Tuesday, April 16, 2013

Minor Cabbage Soup Experiment

Because I had lots of leftover cabbage from some slaw I made for a family Easter meal, I decided to make my cabbage soup recipe again. I used the same recipe as for the soup I made for Christmas, except this time I used chicken bouillon instead of homemade stock. In addition, I had both red cabbage and green cabbage left over from my slaw recipe (will discuss it on request), so I used both kinds of cabbage. The red cabbage changed the recipe significantly. Not only did it make the soup a rather odd shade of muddy brown, it gave the soup an earthier flavor.

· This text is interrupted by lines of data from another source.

(* Let $G$ be a connected graph on $X$, let $k\ge1$, and let $A,B\in\mathcal C_k$ be such that $A\cap B$ and $A^c\cap B^c$ also belong to $\mathcal C_k$. Then $$\mathrm{nd}_k(A\cap B)+\mathrm{nd}_k(A^c\cap B^c)\le\mathrm{nd}_k(A)+\mathrm{nd}_k(B),$$ and if $A$ and $B$ are not nested, then $$\mathrm{nd}_k(A\cap B)+\mathrm{nd}_k(A^c\cap B^c)\le\mathrm{nd}_k(A)+\mathrm{nd}_k(B)-2.$$
   Context: A graph on $X$ is an irreflexive symmetric relation $G\subseteq X^2$. For $A\subseteq X$, $A^c:=X\setminus A$ and $\delta A$ is the set of edges with one endpoint in $A$ and the other in $A^c$. A cut is a set $A$ with $A$, $A^c$ infinite and $\delta A$ finite; it is neat if the induced subgraphs on $A$ and $A^c$ are connected; $\mathcal C_k$ is the set of neat cuts $A$ with $|\delta A|=k$. Sets $A,B$ are nested if one of $A\cap B$, $A\cap B^c$, $A^c\cap B$, $A^c\cap B^c$ is empty. $N_k(A)$ is the set of cuts in $\mathcal C_k$ not nested with $A$ (finite when $\delta A$ is finite), and $\mathrm{nd}_k(A):=|N_k(A)|$. *)

theory Defs
  imports Main
begin

text \<open>A graph on X: an irreflexive symmetric relation G \<subseteq> X \<times> X.
  Complements are taken relative to X.\<close>

definition is_graph :: "'a set \<Rightarrow> ('a \<times> 'a) set \<Rightarrow> bool" where
  "is_graph X G \<longleftrightarrow> G \<subseteq> X \<times> X \<and> irrefl G \<and> sym G"

definition induced_connected :: "('a \<times> 'a) set \<Rightarrow> 'a set \<Rightarrow> bool" where
  "induced_connected G S \<longleftrightarrow> (\<forall>x\<in>S. \<forall>y\<in>S. (x, y) \<in> (G \<inter> (S \<times> S))\<^sup>*)"

definition graph_connected :: "'a set \<Rightarrow> ('a \<times> 'a) set \<Rightarrow> bool" where
  "graph_connected X G \<longleftrightarrow> induced_connected G X"

text \<open>Edge boundary: each undirected edge {x,y} with x \<in> A, y \<in> X - A is
  represented once, as the ordered pair (x,y).\<close>
definition boundary :: "'a set \<Rightarrow> ('a \<times> 'a) set \<Rightarrow> 'a set \<Rightarrow> ('a \<times> 'a) set" where
  "boundary X G A = {(x, y) \<in> G. x \<in> A \<and> y \<in> X - A}"

definition is_cut :: "'a set \<Rightarrow> ('a \<times> 'a) set \<Rightarrow> 'a set \<Rightarrow> bool" where
  "is_cut X G A \<longleftrightarrow> A \<subseteq> X \<and> infinite A \<and> infinite (X - A) \<and> finite (boundary X G A)"

definition neat_cut :: "'a set \<Rightarrow> ('a \<times> 'a) set \<Rightarrow> 'a set \<Rightarrow> bool" where
  "neat_cut X G A \<longleftrightarrow> is_cut X G A \<and> induced_connected G A \<and> induced_connected G (X - A)"

definition neat_cuts :: "'a set \<Rightarrow> ('a \<times> 'a) set \<Rightarrow> nat \<Rightarrow> 'a set set" where
  "neat_cuts X G k = {A. neat_cut X G A \<and> card (boundary X G A) = k}"

definition nested :: "'a set \<Rightarrow> 'a set \<Rightarrow> 'a set \<Rightarrow> bool" where
  "nested X A B \<longleftrightarrow> A \<inter> B = {} \<or> A \<inter> (X - B) = {} \<or> (X - A) \<inter> B = {} \<or> (X - A) \<inter> (X - B) = {}"

definition not_nested_set :: "'a set \<Rightarrow> ('a \<times> 'a) set \<Rightarrow> nat \<Rightarrow> 'a set \<Rightarrow> 'a set set" where
  "not_nested_set X G k A = {C \<in> neat_cuts X G k. \<not> nested X C A}"

definition nd :: "'a set \<Rightarrow> ('a \<times> 'a) set \<Rightarrow> nat \<Rightarrow> 'a set \<Rightarrow> nat" where
  "nd X G k A = card (not_nested_set X G k A)"

end

theory Submission
  imports Defs
begin

text \<open>The two inequalities are pure counting once one knows how non-nestedness with the corners
  \<open>A \<inter> B\<close> and \<open>A\<^sup>c \<inter> B\<^sup>c\<close> relates to non-nestedness with \<open>A\<close> and \<open>B\<close>: a cut nested with both
  \<open>A\<close> and \<open>B\<close> is nested with each corner, and a cut crossing both corners crosses both \<open>A\<close> and
  \<open>B\<close>. Hence \<open>N(A \<inter> B) \<union> N(A\<^sup>c \<inter> B\<^sup>c) \<subseteq> N(A) \<union> N(B)\<close> and
  \<open>N(A \<inter> B) \<inter> N(A\<^sup>c \<inter> B\<^sup>c) \<subseteq> N(A) \<inter> N(B)\<close>; if \<open>A\<close> and \<open>B\<close> cross, the cuts \<open>A \<in> N(B)\<close> and
  \<open>B \<in> N(A)\<close> lie in neither corner set, which gives the extra 2.
  The real work is the finiteness of \<open>N(A)\<close>, without which cardinalities are meaningless: a cut
  crossing \<open>A\<close> separates two endpoints of \<open>\<delta>A\<close>, hence cuts one of finitely many edges joining
  them, and for a fixed edge there are finitely many neat cuts with \<open>k\<close> boundary edges that cut
  it (induction on \<open>k\<close>, deleting the edge).\<close>

lemma rtrancl_finite_subset:
  assumes "(a, b) \<in> R\<^sup>*"
  shows "\<exists>F. finite F \<and> F \<subseteq> R \<and> (a, b) \<in> F\<^sup>*"
  using assms
proof (induction rule: rtrancl_induct)
  case base
  then show ?case by (intro exI[of _ "{}"]) auto
next
  case (step y z)
  then obtain F where F: "finite F" "F \<subseteq> R" "(a, y) \<in> F\<^sup>*" by blast
  have "(a, y) \<in> (insert (y, z) F)\<^sup>*" using F(3) rtrancl_mono[of F "insert (y, z) F"] by blast
  then have "(a, z) \<in> (insert (y, z) F)\<^sup>*" by (meson insertI1 rtrancl.rtrancl_into_rtrancl)
  then show ?case using F step by (intro exI[of _ "insert (y, z) F"]) auto
qed

lemma rtrancl_leaves_set:
  assumes "(a, b) \<in> R\<^sup>*" "a \<in> D" "b \<notin> D"
  shows "\<exists>x y. (x, y) \<in> R \<and> x \<in> D \<and> y \<notin> D"
  using assms
proof (induction rule: rtrancl_induct)
  case (step y z)
  then show ?case by (cases "y \<in> D") auto
qed simp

My husband Eric liked the soup well enough, but found it somewhat unsatisfying because of the lack of meat. So I decided to cut up some leftover chorizo and add some to each bowl. The first time I tried this, I overheated the sausage in the microwave almost to the point where it was crunchy. The effect was marvelous. The hit of fat and meatiness from the sausage bits nicely complements the earthiness of the cabbage. Eric and I really enjoyed it (he pronounced this modification "husband approved"). Consequently, I bought some more chorizo to add to the current batch of soup as we eat it.

I am also considering mixing sausage into the next batch of cabbage soup I make, right after the simmering is done. Chorizo is a bit expensive for that purpose, but perhaps kielbasa will work. I think a pork sausage would work best, but if anyone has any other recommendations, I'd be very curious to hear them.


  1. A slice of pre-cooked ham, gut into chunks, goes well in something like that. But best results are obtained by letting it simmer in the soup a while, rather than trying to make it crunchy and adding it as an embellishment.

    Smoked pork neck bones are also good additions, though once again you add them when you start the soup to give them time to get acquainted, and remove the actual bones before serving the soup.

    1. Hi, Dennis! Thanks for visiting.

      I could certainly add sausage/ham/pork whatever while cooking the soup. I'm not a fan of picking through soup to remove the bones (though removing ham bones would be much less finicky than what I went through removing the bones from my rabbit stew), and simmering pork parts in the soup will likely change the soup's texture somewhat. One could argue that making the mixture both meatier and less thick would be a good thing. (Eric refers to the product of the current recipe as "Filboid Studge", and I agree.)

      Another point is that ham and sausage have very different flavor qualities, and I think I like the smoked quality of cooked sausage rather better than I'd like ham for this particular soup. That's probably the main reason why I'm likely to stick with sausage, most of the time when I make this soup. Still, you've made a good point. I should try simmering ham parts in this recipe--I think I have some in the freezer--and taste test the results.

      Finally, leaving the basic soup as it is and adding "aftermarket" sausage bits (so to speak) make it easier to accommodate vegetarians or meat eaters who don't like pork. I note this as just an additional option, since it's not an issue for Eric and me; we both enjoy pork products.